Saturday, April 20, 2024

Movie Review: ‘Parallel Mothers’ is another excellent, personal entry in Pedro Almodóvar’s filmography


Director: Pedro Almodóvar
Writer: Pedro Almodóvar
Cast: Penélope Cruz, Aitana Sánchez-Gijón, Milena Smit, Israel Elejalde, Julieta Serrano, and Rossy de Palma

Synopsys: Two single women meet in a hospital room where they are both going to give birth. One is middle-aged and doesn’t regret it, while the other is adolescent and scared. The two women form a strong bond with one another as they both confront motherhood.


Janis (Penélope Cruz) is an editorial photographer approaching her 40s who befriends a forensic anthropologist, Arturo (Israel Elejalde), after a photoshoot. Janis asks Arturo a special request: help her exhume the bodies of some men, including her grandfather, lost after the Spanish Civil War (1936-1939) at the rural town she grew up in. Arturo shares her political beliefs and decides to help her. Between the two the relationship evolves into something more passional, a love that cannot happen in its full form. After all, Arturo is married and his wife has cancer. But something happens: Janis becomes pregnant. She understands Arturo’s position and tells him she wants to keep the baby without compromising him to be the father. She’ll be a single mother like her mom and grandmother, and Janis ends their relationship for good.

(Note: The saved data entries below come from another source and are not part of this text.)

lemma S_lambda_parts_embedding:
  fixes lams :: "nat \<Rightarrow> nat list"
  assumes "mset lam = (\<Sum>i<q. mset (lams i))"
  obtains \<phi> where "\<And>i. i < q \<Longrightarrow>
      colour_embedding (S_lambda (lams i)) (S_lambda lam) (sum_list (lams i)) (sum_list lam) (\<phi> i)"
    and "\<And>i i'. i < q \<Longrightarrow> i' < q \<Longrightarrow> i \<noteq> i' \<Longrightarrow>
      \<phi> i ` {1..sum_list (lams i)} \<inter> \<phi> i' ` {1..sum_list (lams i')} = {}"
proof -
  obtain m where m_inj: "inj_on (\<lambda>(i, j). m i j) (SIGMA i:{..<q}. {..<length (lams i)})"
    and m_nth: "\<And>i j. i < q \<Longrightarrow> j < length (lams i) \<Longrightarrow> m i j < length lam \<and> lam ! m i j = lams i ! j"
    using mset_sum_nth_embedding[OF assms] by blast
  have m_inj_i: "inj_on (m i) {..<length (lams i)}" if "i < q" for i
    using m_inj that by (auto simp: inj_on_def)
  define \<phi> where "\<phi> i = block_transfer (lams i) lam (m i)" for i
  have image: "\<phi> i ` {1..sum_list (lams i)} = (\<Union>j<length (lams i). block lam (m i j))"
    if "i < q" for i
    unfolding \<phi>_def by (rule block_transfer_embedding(2)[OF m_inj_i[OF that] m_nth[OF that]])
  show ?thesis
  proof (rule that[of \<phi>])
    show "colour_embedding (S_lambda (lams i)) (S_lambda lam) (sum_list (lams i)) (sum_list lam) (\<phi> i)"
      if "i < q" for i
    proof -
      have "\<phi> i ` {1..sum_list (lams i)} \<subseteq> {1..sum_list lam}"
        unfolding image[OF that] using block_subset by (rule UN_least)
      then show ?thesis
        unfolding colour_embedding_def
        using block_transfer_embedding(1)[OF m_inj_i[OF that] m_nth[OF that]]
          S_lambda_block_transfer_image[OF m_inj_i[OF that] m_nth[OF that]]
          conjugate_block_transfer_in_S_lambda[OF m_inj_i[OF that] m_nth[OF that]]
        by (simp add: \<phi>_def)
    qed
    have "block lam (m i j) \<inter> block lam (m i' j') = {}"
      if "i < q" "i' < q" "i \<noteq> i'" "j < length (lams i)" "j' < length (lams i')" for i i' j j'
      using m_inj that by (intro disjoint_blocks) (auto simp: inj_on_def)
    then show "\<phi> i ` {1..sum_list (lams i)} \<inter> \<phi> i' ` {1..sum_list (lams i')} = {}"
      if "i < q" "i' < q" "i \<noteq> i'" for i i'
      unfolding image[OF that(1)] image[OF that(2)] using that by blast
  qed
qed

theorem lemma16:
  fixes q :: nat and ks :: "nat \<Rightarrow> nat" and lams :: "nat \<Rightarrow> nat list"
    and V :: "nat \<Rightarrow> 'a set" and E :: "nat \<Rightarrow> 'a \<Rightarrow> 'a \<Rightarrow> bool" and lam :: "nat list"
  assumes "\<forall>i<q. is_partition (lams i) (ks i)"
    and "\<forall>i<q. graph (V i) (E i)"
    and "\<forall>i<q. S_k_colourable (S_lambda (lams i)) (ks i) (V i) (E i)"
    and "mset lam = (\<Sum>i<q. mset (lams i))"
  shows "S_k_colourable (S_lambda lam) (\<Sum>i<q. ks i) (join_V q V) (join_E q V E)"
proof -
  have ks: "ks i = sum_list (lams i)" if "i < q" for i
    using assms(1) that by (simp add: is_partition_def)
  then have k: "(\<Sum>i<q. ks i) = sum_list lam"
    using sum_list_eq_sum_parts[OF assms(4)] by simp
  have graphs: "\<And>i. i < q \<Longrightarrow> graph (V i) (E i)"
    and colourable: "\<And>i. i < q \<Longrightarrow> S_k_colourable (S_lambda (lams i)) (sum_list (lams i)) (V i) (E i)"
    using assms(2,3) ks by simp_all
  obtain \<phi> where embedding:
    "\<And>i. i < q \<Longrightarrow>
       colour_embedding (S_lambda (lams i)) (S_lambda lam) (sum_list (lams i)) (sum_list lam) (\<phi> i)"
    and disjoint: "\<And>i i'. i < q \<Longrightarrow> i' < q \<Longrightarrow> i \<noteq> i' \<Longrightarrow>
       \<phi> i ` {1..sum_list (lams i)} \<inter> \<phi> i' ` {1..sum_list (lams i')} = {}"
    using S_lambda_parts_embedding[OF assms(4)] by blast
  have bij: "\<And>s. s \<in> S_lambda lam \<Longrightarrow> bij s"
    by (auto simp: S_lambda_def permutes_bij)
  show ?thesis
    unfolding k by (rule join_S_k_colourable[OF graphs colourable embedding disjoint bij])
qed

end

Months later, at the hospital, Janis meets Ana (Milena Smit), a teenage girl who is in labor at the same time. Ana is nervous, her pregnancy was an “accident” too, but not one she’s happy or excited about. Besides the obvious dread, she can experience while having a baby at her young age, we deduce there’s something more. Janis tries to calm her and while they wait for their babies’ arrival, a bond between the two single mothers —despite the age gap— is created. After they leave the hospital, the two women keep in touch and share their experiences as first-time mothers.

Arturo takes the courage to call Janis and tells her he’s in Madrid and he wants to meet the baby. Janis agrees and invites him to her place. When Arturo meets the baby, he remarks how “dark-skinned” the baby is and asks Janis about her family ethnicity —she tells him she didn’t meet her father but he was supposedly a dark skin Venezuelan with slanted eyes—; and all of a sudden, he says he has to go but tells Janis he is staying at the same hotel as always if she wants to talk with him. Janis knows something bothered him and looks for him the day after. Arturo confesses to her that he didn’t feel like the baby was his child when he met her, so he wants to take a paternity test. Janis gets mad, he was the only man she was with at the time she got pregnant.  Back at home, she still feels uneasy after her fight with Arturo and decides to find the answer that can change her life.

If you’re familiar with Pedro Almodóvar’s work, you are warned that everything will be deeper than what it looks like on the surface, and there can be lots of things happening at the same time. Parallel Mothers (original title: Madres Paralelas) is not the exception. His most recent film starts off as a family drama of two single mothers going against the odds, but as it moves forward it turns into a thriller, then returns to the family drama again, and it also has a political plot going around. And of course, his characteristic red is everywhere and brighter than ever.

Almodóvar is also known for his takes on motherhood. This is not the first time Penélope Cruz takes the role of mother in one of his films, she even played a version of his own mother in Pain and Glory (2019, Dolor y Gloria), but in Parallel Mothers is where she gives the best performance yet in their collaborations. Some people are even calling this the performance of her life and I can’t disagree with them. She takes Janis’ role with so much respect and understanding, it seems like it was made for her only. Not nominating her performance in the next awards season should be taken as an offense. Milena Smit is a rising star, her chemistry with Cruz is undeniable; she balances the naivety a young girl might have with the toughness of someone who has been through a lot.

I was surprised at how fast the time passes in this 120-minute-long film. The first and second acts are the master class you would expect from someone like Almodóvar, but the third act feels a little bit lose. It sets aside the main plot for a side story we left at the beginning. In other situations, this wouldn’t be such a problem if the resolution of the main plot didn’t feel pressured and with a couple of questions still waiting to be answered.

Overall I enjoyed the movie. I wouldn’t call Parallel Mothers Almodovar’s best work to this date, but it’s fantastic and an exciting ride of finding the motivation to move on without letting the historical memory —or an individual’s past— die, as they can make us understand our present. It’s more of a personal journey than a story about motherhood, which is one of the biggest twists this movie has. Parallel Mothers doesn’t disappoint, it deserves to be one of the most anticipated films of 2021 and the wait will be totally worth it.